Seurat, ecco il «mostro» con la faccia perbene

Massimiliano Parente

È una domanda ricorrente, che ci poniamo ogni volta che sentiamo di bambini seviziati negli asili: come hanno potuto non accorgersene prima i genitori? Come hanno potuto andare avanti per mesi, per anni senza che nessuno intervenisse? Caso inverso, ancora più difficile, quando un bambino viene maltrattato, o addirittura assassinato dagli stessi genitori: si pensi a uno dei tanti casi di cronaca nera.

Quindi non ci si lasci ingannare dal titolo: ne Il caso Diana, dell'esordiente Alexandre Seurat, un trentenne che è diventato già un caso letterario in Francia (in Italia appena pubblicato da Codice), non c'entra la principessa Diana, se non perché casualmente il nome coincide con quello di una bambina, scomoda perché non desiderata, nata da una relazione non voluta. Una principessa di sei anni che si è schiantata nel tunnel dell'omertà privata e pubblica.

Successo di critica meritato, perché Seurat costruisce una rete polifonica di versioni intorno al delitto: Diana prima scompare, poi viene ritrovata morta in un blocco di cemento. Com'è possibile? Eppure i segni erano visibili non solo nel comportamento anomalo della bambina (è autistica? È ritardata?) ma anche sul corpo: lividi, bruciature, ferite, ciascuna con una giustificazione poco plausibile («ho sbattuto», «sono caduta», «sono goffa», «mi è finito un braccio sotto l'acqua bollente»). Così evidente nello sciagurato senno del poi, sul quale campano i criminologi, e che indica solo la mancanza di un senno del prima.

Con una prosa degna di William Faulkner e ripassata nel frammentismo di cui solo i francesi sono capaci senza dare l'impressione di aver preso una scorciatoia strutturale, il puzzle della storia di Diana va ricostruito attraverso le singole voci dei testimoni: la madre, la zia, la nonna, l'assistente sociale, il poliziotto.

Nessun pietismo nella scrittura, piccoli blocchi scolpiti nella pietra dove ciascuno cerca un bandolo della matassa sentendosi colpevole di aver ignorato troppo. E soprattutto nessun pedofilo sanguinario, figura funzionale a nascondere il lato oscuro della società umana. Perché qui è la famiglia a diventare il vero luogo oscuro del tessuto sociale, impenetrabile agli sguardi, custode di una violenza che viene celata dall'omertà indotta nella stessa vittima, e a causa della cecità degli spettatori.

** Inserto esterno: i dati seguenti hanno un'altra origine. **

(* The variety $\mathcal{WHB}$ of WHB-algebras has the finite model property, i.e. every equation that fails in some WHB-algebra fails in some finite WHB-algebra.
   Context: A WHB-algebra is an algebra $(A,\wedge,\vee,\to,\leftarrow,0,1)$ such that $(A,\wedge,\vee,0,1)$ is a bounded distributive lattice and for all $a,b,c\in A$: $a\to a=1$; $a\to(b\wedge c)=(a\to b)\wedge(a\to c)$; $(a\vee b)\to c=(a\to c)\wedge(b\to c)$; $(a\to b)\wedge(b\to c)\le a\to c$; $a\leftarrow a=0$; $(a\vee b)\leftarrow c=(a\leftarrow c)\vee(b\leftarrow c)$; $a\leftarrow(b\wedge c)=(a\leftarrow b)\vee(a\leftarrow c)$; $a\leftarrow c\le(a\leftarrow b)\vee(b\leftarrow c)$; $a\wedge((a\to b)\leftarrow 0)\le b$; $a\le b\vee(1\to(a\leftarrow b))$. *)

theory Defs
  imports Main
begin

text \<open>Algebras in the signature (meet, join, imp, coimp, 0, 1), given by a carrier set
  and total operations (only their behaviour on the carrier matters).\<close>
record 'a whb_struct =
  car   :: "'a set"
  mt    :: "'a \<Rightarrow> 'a \<Rightarrow> 'a"
  jn    :: "'a \<Rightarrow> 'a \<Rightarrow> 'a"
  im    :: "'a \<Rightarrow> 'a \<Rightarrow> 'a"
  coim  :: "'a \<Rightarrow> 'a \<Rightarrow> 'a"
  zr    :: "'a"
  on    :: "'a"

definition leq :: "('a, 'b) whb_struct_scheme \<Rightarrow> 'a \<Rightarrow> 'a \<Rightarrow> bool" where
  "leq A a b \<longleftrightarrow> mt A a b = a"

definition bdl :: "('a, 'b) whb_struct_scheme \<Rightarrow> bool" where
  "bdl A \<longleftrightarrow>
     zr A \<in> car A \<and> on A \<in> car A \<and>
     (\<forall>a\<in>car A. \<forall>b\<in>car A. mt A a b \<in> car A \<and> jn A a b \<in> car A) \<and>
     (\<forall>a\<in>car A. \<forall>b\<in>car A. mt A a b = mt A b a \<and> jn A a b = jn A b a) \<and>
     (\<forall>a\<in>car A. \<forall>b\<in>car A. \<forall>c\<in>car A.
        mt A a (mt A b c) = mt A (mt A a b) c \<and> jn A a (jn A b c) = jn A (jn A a b) c) \<and>
     (\<forall>a\<in>car A. \<forall>b\<in>car A. mt A a (jn A a b) = a \<and> jn A a (mt A a b) = a) \<and>
     (\<forall>a\<in>car A. \<forall>b\<in>car A. \<forall>c\<in>car A. mt A a (jn A b c) = jn A (mt A a b) (mt A a c)) \<and>
     (\<forall>a\<in>car A. mt A (zr A) a = zr A \<and> jn A (on A) a = on A)"

definition whb_algebra :: "('a, 'b) whb_struct_scheme \<Rightarrow> bool" where
  "whb_algebra A \<longleftrightarrow> bdl A \<and>
     (\<forall>a\<in>car A. \<forall>b\<in>car A. im A a b \<in> car A \<and> coim A a b \<in> car A) \<and>
     (\<forall>a\<in>car A. im A a a = on A) \<and>
     (\<forall>a\<in>car A. \<forall>b\<in>car A. \<forall>c\<in>car A. im A a (mt A b c) = mt A (im A a b) (im A a c)) \<and>
     (\<forall>a\<in>car A. \<forall>b\<in>car A. \<forall>c\<in>car A. im A (jn A a b) c = mt A (im A a c) (im A b c)) \<and>
     (\<forall>a\<in>car A. \<forall>b\<in>car A. \<forall>c\<in>car A. leq A (mt A (im A a b) (im A b c)) (im A a c)) \<and>
     (\<forall>a\<in>car A. coim A a a = zr A) \<and>
     (\<forall>a\<in>car A. \<forall>b\<in>car A. \<forall>c\<in>car A. coim A (jn A a b) c = jn A (coim A a c) (coim A b c)) \<and>
     (\<forall>a\<in>car A. \<forall>b\<in>car A. \<forall>c\<in>car A. coim A a (mt A b c) = jn A (coim A a b) (coim A a c)) \<and>
     (\<forall>a\<in>car A. \<forall>b\<in>car A. \<forall>c\<in>car A. leq A (coim A a c) (jn A (coim A a b) (coim A b c))) \<and>
     (\<forall>a\<in>car A. \<forall>b\<in>car A. leq A (mt A a (coim A (im A a b) (zr A))) b) \<and>
     (\<forall>a\<in>car A. \<forall>b\<in>car A. leq A a (jn A b (im A (on A) (coim A a b))))"

datatype trm = Var nat | Meet trm trm | Join trm trm | Imp trm trm | Coimp trm trm
  | Bot | Top

primrec eval :: "('a, 'b) whb_struct_scheme \<Rightarrow> (nat \<Rightarrow> 'a) \<Rightarrow> trm \<Rightarrow> 'a" where
  "eval A v (Var n) = v n"
| "eval A v (Meet s t) = mt A (eval A v s) (eval A v t)"
| "eval A v (Join s t) = jn A (eval A v s) (eval A v t)"
| "eval A v (Imp s t) = im A (eval A v s) (eval A v t)"
| "eval A v (Coimp s t) = coim A (eval A v s) (eval A v t)"
| "eval A v Bot = zr A"
| "eval A v Top = on A"

definition holds :: "('a, 'b) whb_struct_scheme \<Rightarrow> trm \<Rightarrow> trm \<Rightarrow> bool" where
  "holds A s t \<longleftrightarrow> (\<forall>v. (\<forall>n. v n \<in> car A) \<longrightarrow> eval A v s = eval A v t)"

end

theory Submission
  imports Defs
begin

(* With \<box>x = 1 \<rightarrow> x and \<diamond>x = x \<leftarrow> 0, the operator \<diamond> is left adjoint to \<box>, the
   implication a \<rightarrow> b is the largest \<box>x with a \<and> x \<le> b (namely \<box>\<diamond>(a \<rightarrow> b)), and dually
   a \<leftarrow> b is the least \<diamond>x with a \<le> b \<or> x (namely \<diamond>\<box>(a \<leftarrow> b)).
   Fix a valuation refuting s = t and let D be the bounded sublattice generated by the values c of
   the subterms of s and t together with \<diamond>c and \<box>c; it is finite. As a finite distributive
   lattice, D has a Heyting implication and co-implication. Interpreting a \<rightarrow> b as the greatest
   element of D below \<box> of the Heyting implication, and a \<leftarrow> b as the least element of D above
   \<diamond> of the co-implication, makes D a WHB-algebra. On the values of subterms these operations agree
   with those of A, because the witnesses \<diamond>(a \<rightarrow> b) and \<box>(a \<leftarrow> b) above lie in D; so the
   valuation still refutes s = t in D. *)

section \<open>Lattice laws\<close>

locale whb =
  fixes A :: "('a, 'b) whb_struct_scheme"
  assumes whb: "whb_algebra A"
begin

abbreviation meet (infixl "\<sqinter>" 70) where "x \<sqinter> y \<equiv> mt A x y"
abbreviation join (infixl "\<squnion>" 65) where "x \<squnion> y \<equiv> jn A x y"
abbreviation imp (infix "\<rightarrow>" 60) where "x \<rightarrow> y \<equiv> im A x y"
abbreviation coimp (infix "\<leftarrow>" 60) where "x \<leftarrow> y \<equiv> coim A x y"
abbreviation bot ("\<zero>") where "\<zero> \<equiv> zr A"
abbreviation top ("\<one>") where "\<one> \<equiv> on A"
abbreviation le (infix "\<preceq>" 50) where "x \<preceq> y \<equiv> leq A x y"

lemma bdl: "bdl A"
  using whb by (simp add: whb_algebra_def)

lemma closed [simp]:
  "\<zero> \<in> car A" "\<one> \<in> car A"
  "x \<in> car A \<Longrightarrow> y \<in> car A \<Longrightarrow> x \<sqinter> y \<in> car A"
  "x \<in> car A \<Longrightarrow> y \<in> car A \<Longrightarrow> x \<squnion> y \<in> car A"
  "x \<in> car A \<Longrightarrow> y \<in> car A \<Longrightarrow> x \<rightarrow> y \<in> car A"
  "x \<in> car A \<Longrightarrow> y \<in> car A \<Longrightarrow> x \<leftarrow> y \<in> car A"
  using whb unfolding whb_algebra_def bdl_def by (elim conjE; meson)+

lemma meet_comm: "x \<in> car A \<Longrightarrow> y \<in> car A \<Longrightarrow> x \<sqinter> y = y \<sqinter> x"
  using bdl unfolding bdl_def by (elim conjE) meson

lemma join_comm: "x \<in> car A \<Longrightarrow> y \<in> car A \<Longrightarrow> x \<squnion> y = y \<squnion> x"
  using bdl unfolding bdl_def by (elim conjE) meson

lemma meet_assoc:
  "x \<in> car A \<Longrightarrow> y \<in> car A \<Longrightarrow> z \<in> car A \<Longrightarrow> x \<sqinter> (y \<sqinter> z) = x \<sqinter> y \<sqinter> z"
  using bdl unfolding bdl_def by (elim conjE) meson

lemma join_assoc:
  "x \<in> car A \<Longrightarrow> y \<in> car A \<Longrightarrow> z \<in> car A \<Longrightarrow> x \<squnion> (y \<squnion> z) = x \<squnion> y \<squnion> z"
  using bdl unfolding bdl_def by (elim conjE) meson

lemma meet_absorb: "x \<in> car A \<Longrightarrow> y \<in> car A \<Longrightarrow> x \<sqinter> (x \<squnion> y) = x"
  using bdl unfolding bdl_def by (elim conjE) meson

Ognuno di loro ha una sua versione, tutti sospettavano ma nessuno sapeva, nessuno ha fatto niente per evitare la tragedia. Come succede nella realtà, i veri mostri li abbiamo intorno e si nascondono bene perché agiscono alla luce del sole e non hanno la faccia da mostri ma, come si suol dire, di una famiglia perbene.